1. Fear of personal safety for the shopper and salesperson: When three-quarters of your customers see grocery shopping as putting their health at risk, that’s bad for business. Surveys show only 24 per cent of Canadians are comfortable with going grocery shopping right now. Fears about health and safety are driving new habits in a way that imperatives like convenience and saving time did not. Convenience now has a different meaning. It’s less about saving time and more about survival and safety. 

2. Recognition of Grocery as Essential Businesses:  Grocers join pharmacies, home and garden, hardware, chain-drug stores, and farm-supply businesses as experiencing a boom in business as they were designated an essential service, while many other businesses and options were forced to shut down. This may contribute to a lingering effect in terms of where customers choose to continue to go for groceries after wave one of COVID-19. In fact, it may change consumers’ behavior about grocery shopping permanently.

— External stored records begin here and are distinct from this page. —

lemma forms_in_subset_span_monomials:
  "forms_in Q m \<subseteq> V.span ((\<lambda>mon. single mon (1::'a::field)) ` monoms_in Q m)"
proof
  fix p :: "'a mpoly" assume p: "p \<in> forms_in Q m"
  have "p = (\<Sum>mon\<in>keys p. msmult (lookup p mon) (single mon 1))" by (rule mpoly_eq_sum_msmult)
  also have "\<dots> \<in> V.span ((\<lambda>mon. single mon (1::'a)) ` monoms_in Q m)"
    using p by (intro V.span_sum V.span_scale V.span_base)
      (auto simp: forms_in_def polys_in_def homog_of_deg_def monoms_in_def)
  finally show "p \<in> V.span ((\<lambda>mon. single mon (1::'a)) ` monoms_in Q m)" .
qed

lemma dim_forms_in:
  assumes "finite Q"
  shows "V.dim (forms_in Q m :: ('a::field) mpoly set) = (card Q + m - 1) choose m"
proof -
  have "card ((\<lambda>mon. single mon (1::'a)) ` monoms_in Q m) = V.dim (forms_in Q m :: 'a mpoly set)"
    by (rule V.basis_card_eq_dim[OF _ forms_in_subset_span_monomials independent_monomials])
       (auto simp: monoms_in_def forms_in_def polys_in_single homog_of_deg_single)
  moreover have "card ((\<lambda>mon. single mon (1::'a)) ` monoms_in Q m) = card (monoms_in Q m)"
    by (rule card_image) (simp add: inj_on_def)
  ultimately show ?thesis using card_monoms_in[OF assms] by simp
qed

lemma finite_dim_forms_in: "finite Q \<Longrightarrow> V.finite_dim (forms_in Q m :: ('a::field) mpoly set)"
  unfolding V.finite_dim_def
  by (intro exI[of _ "(\<lambda>mon. single mon 1) ` monoms_in Q m"])
     (simp add: finite_monoms_in forms_in_subset_span_monomials)

lemma subspace_graded_part: "V.subspace (graded_part n m :: ('a::field) mpoly set)"
  unfolding graded_part_eq_forms_in by (rule subspace_forms_in)

lemma finite_dim_graded_part: "V.finite_dim (graded_part n m :: ('a::field) mpoly set)"
  unfolding graded_part_eq_forms_in by (simp add: finite_dim_forms_in)

lemma finite_dim_Int_graded_part: "V.finite_dim (A \<inter> graded_part n m :: ('a::field) mpoly set)"
  using V.finite_dim_subset[OF finite_dim_graded_part] V.span_superset by blast

lemma dim_Int_graded_part_le:
  "V.dim ((I :: ('a::field) mpoly set) \<inter> graded_part n m) \<le> V.dim (graded_part n m :: 'a mpoly set)"
  using V.dim_le_if_subset_span[OF finite_dim_graded_part] V.span_superset by blast

lemma dim_Int_graded_part_add_hilbert_fun:
  "V.dim ((I :: ('a::field) mpoly set) \<inter> graded_part n m) + hilbert_fun n I m
     = V.dim (graded_part n m :: 'a mpoly set)"
  using dim_Int_graded_part_le[of I n m] by (simp add: hilbert_fun_def)

lemma graded_part_1_subset_span_mvars:
  "graded_part n 1 \<subseteq> V.span (mvar ` {..n} :: ('a::field) mpoly set)"
proof -
  have "(\<lambda>mon. single mon (1::'a)) ` monoms_in {..n} 1 \<subseteq> mvar ` {..n}"
  proof
    fix x assume "x \<in> (\<lambda>mon. single mon (1::'a)) ` monoms_in {..n} 1"
    then obtain mon where mon: "x = single mon 1" "keys mon \<subseteq> {..n}" "mon_deg mon = 1"
      by (auto simp: monoms_in_def)
    then obtain i where "mon = single i 1" using mon_deg_eq_1D by blast
    then show "x \<in> mvar ` {..n}" using mon by (auto simp: mvar_def)
  qed
  then show ?thesis
    using forms_in_subset_span_monomials[of "{..n}" 1] V.span_mono
    unfolding graded_part_eq_forms_in by blast
qed

lemma inj_mvar: "inj (mvar :: nat \<Rightarrow> ('a::field) mpoly)"
proof (rule injI)
  fix i j assume "(mvar i :: 'a mpoly) = mvar j"
  then have "lookup (single i (1::nat)) i = lookup (single j 1) i" by (simp add: mvar_def)
  then show "i = j" by (simp add: lookup_single_if split: if_splits)
qed

lemma dim_graded_part_1: "V.dim (graded_part n 1 :: ('a::field) mpoly set) = n + 1"
  unfolding graded_part_eq_forms_in by (simp add: dim_forms_in)

lemma lin_indep_linear_formsD:
  assumes "lin_indep_linear_forms n r (u :: nat \<Rightarrow> ('a::field) mpoly)"
  shows "inj_on u {..<r}" "V.independent (u ` {..<r})" "u ` {..<r} \<subseteq> graded_part n 1"
proof -
  have zero: "\<And>c. (\<Sum>i<r. msmult (c i) (u i)) = 0 \<Longrightarrow> (\<forall>i<r. c i = 0)"
    using assms by (simp add: lin_indep_linear_forms_def)
  show "u ` {..<r} \<subseteq> graded_part n 1" using assms by (auto simp: lin_indep_linear_forms_def)
  show inj: "inj_on u {..<r}"
  proof (rule inj_onI, rule ccontr)
    fix i j assume ij: "i \<in> {..<r}" "j \<in> {..<r}" "u i = u j" "i \<noteq> j"
    define c where "c k = (if k = i then (1::'a) else if k = j then -1 else 0)" for k
    have "(\<Sum>k<r. msmult (c k) (u k)) = (\<Sum>k\<in>{i, j}. msmult (c k) (u k))"
      by (rule sum.mono_neutral_right) (use ij in \<open>auto simp: c_def\<close>)
    also have "\<dots> = 0" using ij by (simp add: c_def V.scale_left_diff_distrib[symmetric])
    finally have "c i = 0" using zero ij by blast
    then show False by (simp add: c_def)
  qed
  show "V.independent (u ` {..<r})"
  proof (rule V.independent_if_scalars_zero)
    fix f x assume "(\<Sum>x\<in>u ` {..<r}. msmult (f x) x) = 0" and x: "x \<in> u ` {..<r}"
    then have "(\<Sum>i<r. msmult (f (u i)) (u i)) = 0" by (simp add: sum.reindex[OF inj])
    then show "f x = 0" using zero[of "\<lambda>i. f (u i)"] x by auto
  qed simp
qed

lemma lookup_hcomp: "lookup (hcomp m p) mon = (if mon_deg mon = m then lookup p mon else 0)"
proof -
  have "finite {mon. (if mon_deg mon = m then lookup p mon else 0) \<noteq> 0}"
    by (rule finite_subset[of _ "keys p"]) (auto simp: in_keys_iff)
  then show ?thesis unfolding hcomp_def by simp
qed

lemma hcomp_add: "hcomp m (p + q) = hcomp m p + hcomp m q"
  by (rule poly_mapping_eqI) (simp add: lookup_hcomp lookup_add)

lemma hcomp_sum: "hcomp m (sum f A) = (\<Sum>a\<in>A. hcomp m (f a))"
  by (induction A rule: infinite_finite_induct)
     (auto simp: hcomp_add intro!: poly_mapping_eqI simp: lookup_hcomp)

lemma hcomp_homog_of_deg: "homog_of_deg d q \<Longrightarrow> hcomp m q = (if d = m then q else 0)"
  by (rule poly_mapping_eqI) (auto simp: lookup_hcomp homog_of_deg_def in_keys_iff)

lemma homog_of_deg_hcomp: "homog_of_deg m (hcomp m p)"
  unfolding homog_of_deg_def by (auto simp: in_keys_iff lookup_hcomp split: if_splits)

lemma hcomp_in_forms_in: "p \<in> polys_in Q \<Longrightarrow> hcomp m p \<in> forms_in Q m"
  using homog_of_deg_hcomp[of m p]
  by (auto simp: forms_in_def polys_in_def in_keys_iff lookup_hcomp split: if_splits)

lemma sum_hcomp:
  assumes "finite D" "mon_deg ` keys p \<subseteq> D"
  shows "(\<Sum>k\<in>D. hcomp k p) = p"
proof (rule poly_mapping_eqI)
  fix mon
  have "lookup (\<Sum>k\<in>D. hcomp k p) mon = (\<Sum>k\<in>D. if mon_deg mon = k then lookup p mon else 0)"
    by (simp add: lookup_sum lookup_hcomp)
  also have "\<dots> = (if mon_deg mon \<in> D then lookup p mon else 0)"
    using assms(1) by (simp add: eq_commute[of "mon_deg mon"])
  also have "\<dots> = lookup p mon" using assms(2) by (metis image_subset_iff in_keys_iff)
  finally show "lookup (\<Sum>k\<in>D. hcomp k p) mon = lookup p mon" .
qed

lemma hcomp_mult_homog_of_deg:
  assumes g: "homog_of_deg e g"
  shows "hcomp m (g * h) = (if e \<le> m then g * hcomp (m - e) h else (0::('a::comm_ring_1) mpoly))"
proof -
  define D where "D = insert (m - e) (mon_deg ` keys h)"
  have D: "finite D" "m - e \<in> D" by (simp_all add: D_def)
  have "g * h = (\<Sum>k\<in>D. g * hcomp k h)"
    by (subst sum_hcomp[OF D(1), of h, symmetric]) (auto simp: D_def sum_distrib_left)
  then have "hcomp m (g * h) = (\<Sum>k\<in>D. hcomp m (g * hcomp k h))"
    by (simp add: hcomp_sum)
  also have "\<dots> = (\<Sum>k\<in>D. if e + k = m then g * hcomp k h else 0)"
    by (intro sum.cong refl hcomp_homog_of_deg homog_of_deg_mult[OF g homog_of_deg_hcomp])
  also have "\<dots> = (\<Sum>k\<in>D. if e \<le> m \<and> k = m - e then g * hcomp k h else 0)"
    by (intro sum.cong refl) auto
  also have "\<dots> = (if e \<le> m then g * hcomp (m - e) h else 0)"
    using D by simp
  finally show ?thesis .
qed

definition form_multiples :: "nat set \<Rightarrow> ('a::comm_ring_1) mpoly \<Rightarrow> nat \<Rightarrow> 'a mpoly set" where
  "form_multiples Q g m = {q \<in> forms_in Q m. \<exists>h\<in>polys_in Q. q = g * h}"

lemma form_multiples_eq:
  assumes "g \<in> forms_in Q e"
  shows "form_multiples Q g m = (if e \<le> m then (*) g ` forms_in Q (m - e) else {0})"
proof -
  have g: "homog_of_deg e g" "g \<in> polys_in Q" using assms by (simp_all add: forms_in_def)
  have "q \<in> (if e \<le> m then (*) g ` forms_in Q (m - e) else {0})"
    if "q \<in> forms_in Q m" "h \<in> polys_in Q" "q = g * h" for q h
  proof -
    have "q = hcomp m (g * h)"
      using that hcomp_homog_of_deg[of m q m] by (simp add: forms_in_def)
    then show ?thesis using hcomp_mult_homog_of_deg[OF g(1)] hcomp_in_forms_in[OF that(2)] by auto
  qed
  moreover have "g * h \<in> form_multiples Q g m" if "e \<le> m" "h \<in> forms_in Q (m - e)" for h
    using forms_in_mult[OF assms that(2)] that by (auto simp: form_multiples_def forms_in_def)
  moreover have "0 \<in> form_multiples Q g m"
    by (auto simp: form_multiples_def intro: bexI[of _ 0])
  ultimately show ?thesis by (auto simp: form_multiples_def)
qed

lemma module_hom_mult_left: "module_hom msmult msmult ((*) (g :: ('a::field) mpoly))"
  by (simp add: module_hom_iff V.module_axioms distrib_left mult_msmult_right)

3. Essential workers:   Several chains stepped-up offering “danger pay” or “hero pay” —often in the form of a $2 per hour pay increase for front-line grocery employees—cashiers, shelf stockers, cleaners and drivers. How long these recognition, gratitude and reward initiatives will continue, will be a contentious issues, as Loblaw Cos. has announced ending this well-received program (by workers and the public) even as some consultants opine that it is likely here to stay.

4. Choice in Number of Products Carried:  The average grocery store sells 15,000 to 18,000 distinct products (called SKUs in retailing). That has doubled or tripled over the last decade or so. It’s more expensive to manage more SKUs but that has been the strategy for the grocery industry. Some experts expect a change—that grocers and food companies will cut down on their product assortment in order to:

  • (a) shave costs;
  • (b) reduce in-store traffic per visit; and
  • (c) help streamline their supply chain.

5. On-line e-commerce shopping—a boost but unhappiness:  E-commerce for groceries is up from previous rates of 2-3 per cent three months ago to 22-24 per cent today. Canadian consumers and retailers alike have embraced online grocery shopping in a way they haven’t before. However, sources of unhappiness are many:

  • (a) many first-time consumers have been frustrated by weeks of crashing platforms and orders that are cancelled or disappear;
  • (b) scant and delayed delivery patterns are common;
  • (c) consumer shopping for sales and evaluating quality has become more difficult; and
  • (d) the selection isn’t as extensive as what’s available in the store.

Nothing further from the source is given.